_Try it_
Copy each line below containing "longlonglongrightarrow".

_Data to examine_
──────────────────────────────

lemma norm_pochhammer_ratio_le:
  fixes x y :: complex
  assumes y: "y \<notin> \<int>\<^sub>\<le>\<^sub>0"
  obtains K where "K > 0"
    "\<And>n. norm (pochhammer x n / pochhammer y n) \<le> K * (real n + 1) powr (Re x - Re y)"
proof -
  define s where "s = Re x - Re y"
  define f where "f n = norm (pochhammer x n / pochhammer y n) / (real n + 1) powr s" for n
  \<comment> \<open>the Gauss products \<open>rGamma_series\<close> converge, so \<open>(x)\<^sub>n/(y)\<^sub>n\<close> is \<open>n\<^sup>x\<^sup>-\<^sup>y\<close> up to a bounded factor\<close>
  have lim: "(\<lambda>n. norm (rGamma_series x n / rGamma_series y n) * (real n / (real n + 2)) powr s)
          \<longlonglongrightarrow> norm (rGamma x / rGamma y) * 1"
    using y
    by (intro tendsto_intros rGamma_series_LIMSEQ) (auto simp: rGamma_eq_zero_iff, real_asymp)
  have eq: "norm (rGamma_series x n / rGamma_series y n) * (real n / (real n + 2)) powr s
                   = f (Suc n)" if "n \<ge> 1" for n
  proof -
    define L where "L = complex_of_real (ln (real n))"
    have "rGamma_series x n / rGamma_series y n
            = pochhammer x (Suc n) / pochhammer y (Suc n) * exp ((y - x) * L)"
      by (simp add: rGamma_series_def L_def exp_diff field_simps)
    moreover have "norm (exp ((y - x) * L)) * (real n / (real n + 2)) powr s
                     = 1 / (real (Suc n) + 1) powr s"
      using that
      by (simp add: L_def s_def powr_divide powr_def [of "real n"] algebra_simps flip: exp_add)
    moreover have "f (Suc n) = norm (pochhammer x (Suc n) / pochhammer y (Suc n))
                                 * (1 / (real (Suc n) + 1) powr s)"
      by (simp add: f_def)
    ultimately show ?thesis
      by (simp only: norm_mult mult.assoc)
  qed
  have "(\<lambda>n. f (Suc n)) \<longlonglongrightarrow> norm (rGamma x / rGamma y)"
    by (rule Lim_transform_eventually[OF lim[unfolded mult_1_right]])
       (rule eventually_mono[OF eventually_ge_at_top[of 1] eq])
  then have "Bseq f"
    by (intro convergent_imp_Bseq) (auto simp: convergent_def dest: LIMSEQ_imp_Suc)
  then obtain K where K: "K > 0" "\<And>n. norm (f n) \<le> K"
    by (auto elim: BseqE)
  have "norm (pochhammer x n / pochhammer y n) \<le> K * (real n + 1) powr s" for n
    using K(2)[of n] by (simp add: f_def divide_le_eq)
  with K(1) show ?thesis unfolding s_def by (rule that)
qed

lemma summable_real_plus_one_powr:
  assumes "t < -1"
  shows "summable (\<lambda>k::nat. (real k + 1) powr t)"
proof -
  have "summable (\<lambda>k::nat. real k powr t)"
    using assms by (simp add: summable_real_powr_iff)
  then show ?thesis
    by (subst (asm) summable_Suc_iff [symmetric]) (simp add: add.commute)
qed

lemma summable_norm_pochhammer_ratio:
  fixes x y :: complex
  assumes "y \<notin> \<int>\<^sub>\<le>\<^sub>0" and "Re y - Re x > 1"
  shows "summable (\<lambda>n. norm (pochhammer x n / pochhammer y n))"
proof -
  obtain K where "K > 0"
    and K: "\<And>n. norm (pochhammer x n / pochhammer y n) \<le> K * (real n + 1) powr (Re x - Re y)"
    using norm_pochhammer_ratio_le[OF assms(1)] by blast
  have "summable (\<lambda>n. K * (real n + 1) powr (Re x - Re y))"
    using assms(2) by (intro summable_mult summable_real_plus_one_powr) simp
  then show ?thesis
    by (rule summable_comparison_test'[where N = 0]) (simp add: K)
qed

──────────────────────────────

_Solution to this exercise_
          \<longlonglongrightarrow> norm (rGamma x / rGamma y) * 1"
  have "(\<lambda>n. f (Suc n)) \<longlonglongrightarrow> norm (rGamma x / rGamma y)"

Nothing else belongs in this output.